Alex DeMetrick reports a satellite built in Maryland blasted off for orbit Thursday afternoon.
As a Japanese rocket lifted off with a payload built in Maryland, nerves go along for the ride–especially when you’ve put in the past decade working on it.
“It’s anxious, but it’s actually really exciting,” said Walt Petersen, Goddard Space Flight Center. “It’s really amazing to see something come to fruition like this.”
That something is the Global Precipitation Measurement Observatory, or GPM. Built at the Goddard Space Flight Center in Maryland, it has instruments so advanced it will see…
“How large the rain particles are and how fast it’s raining,” a researcher said.
GPM will also act as the nerve center for a constellation of other weather satellites already in orbit, giving forecasters on the ground a global picture of wet weather every three hours.
For the first time, it will follow rain across oceans–and snow.
“We’re also able to detect falling snow,” said Gail Skofranick-Jackson, Goddard Space Flight Center. “It’s the first time a satellite mission has been designed specifically to measure falling snow.”
That will help fine-tune forecasts for the kind of winter we’ve been having, and the kind they haven’t had out west.

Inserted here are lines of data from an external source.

lemma abs_rem_le:
  assumes "0 < a" "0 \<le> kp" "0 \<le> kd" "4 * a \<le> cmod (zl a x0 y0 l1 l2)"
  shows "\<bar>rem kp kd a x0 y0 l1 l2\<bar> \<le> 41 * (kp + kd) * a\<^sup>2 * (a / cmod (zl a x0 y0 l1 l2)) ^ 3"
proof -
  define r where "r = cmod (zl a x0 y0 l1 l2)"
  define h where "h = a / r"
  define e1 where "e1 = eps1 a x0 y0 l1 l2"
  define e2 where "e2 = eps2 a x0 y0 l1 l2"
  define ep where "ep = epsp a x0 y0 l1 l2"
  define em where "em = epsm a x0 y0 l1 l2"
  note h_bounds = zl_scale_bounds[OF assms(1,4), folded r_def h_def]
  note strains = abs_strains_le[OF assms(1,4), folded r_def h_def e1_def e2_def ep_def em_def]
    eps_sq_sum_approx[OF assms(1,4), folded r_def h_def e1_def e2_def]
  have "h \<le> 1" using h_bounds(3) by simp
  note springs = spring_terms_le[OF assms(1) h_bounds(2) this]
  define P where "P = (Dax a e1)\<^sup>2 + (Dax a e2)\<^sup>2"
  define Q where "Q = (Dd a ep)\<^sup>2 + (Dd a em)\<^sup>2
    + ((Ddi_p a e1)\<^sup>2 + (Ddi_m a e1)\<^sup>2 - e1\<^sup>2) + ((Ddi_p a e2)\<^sup>2 + (Ddi_m a e2)\<^sup>2 - e2\<^sup>2)
    + (e1\<^sup>2 + e2\<^sup>2 - a ^ 4 / (4 * pi\<^sup>2 * r\<^sup>2))"
  have rem_eq: "rem kp kd a x0 y0 l1 l2 = kp / 2 * P + kd / 2 * Q"
    unfolding rem_def Fenergy_def Let_def P_def Q_def
    by (simp add: e1_def e2_def ep_def em_def r_def field_simps)
  have "\<bar>P\<bar> \<le> a\<^sup>2 * h ^ 3 / 2"
    unfolding P_def using springs(1)[OF strains(1)] springs(1)[OF strains(2)] by simp
  then have "kp / 2 * \<bar>P\<bar> \<le> kp / 2 * (a\<^sup>2 * h ^ 3 / 2)" using assms(2) by (intro mult_left_mono) auto
  moreover have "\<bar>Q\<bar> \<le> 81 * a\<^sup>2 * h ^ 3"
    unfolding Q_def using springs(2)[OF strains(3)] springs(2)[OF strains(4)]
      springs(3)[OF strains(1)] springs(3)[OF strains(2)] strains(5)
      zero_le_power2[of "Dd a ep"] zero_le_power2[of "Dd a em"]
    unfolding abs_le_iff by linarith
  then have "kd / 2 * \<bar>Q\<bar> \<le> kd / 2 * (81 * a\<^sup>2 * h ^ 3)" using assms(3) by (intro mult_left_mono) auto
  moreover have "\<bar>kp / 2 * P + kd / 2 * Q\<bar> \<le> kp / 2 * \<bar>P\<bar> + kd / 2 * \<bar>Q\<bar>"
    using abs_triangle_ineq[of "kp / 2 * P" "kd / 2 * Q"] assms(2,3) by (simp add: abs_mult)
  ultimately have "\<bar>kp / 2 * P + kd / 2 * Q\<bar> \<le> kp / 2 * (a\<^sup>2 * h ^ 3 / 2) + kd / 2 * (81 * a\<^sup>2 * h ^ 3)"
    by linarith
  also have "\<dots> \<le> 41 * (kp + kd) * a\<^sup>2 * h ^ 3"
  proof -
    have "0 \<le> kp * (a\<^sup>2 * h ^ 3)" "0 \<le> kd * (a\<^sup>2 * h ^ 3)" using assms(2,3) h_bounds(2) by simp_all
    then show ?thesis by (simp add: algebra_simps)
  qed
  finally show ?thesis unfolding rem_eq h_def r_def .
qed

“And that’s very important, especially in mid and high latitudes, where snowfall can make up a significant portion of fresh water resources that people need to live,” Petersen said.
Focusing on precipitation is a lot more than a dry scientific experiment.
“All seven billion of us on this planet need the fresh water that comes from precipitation to survive. All seven billion of us,” said Petersen.
While not an every day event, NASA has teamed with the Japanese Space Agency in the past to carry an American payload into orbit.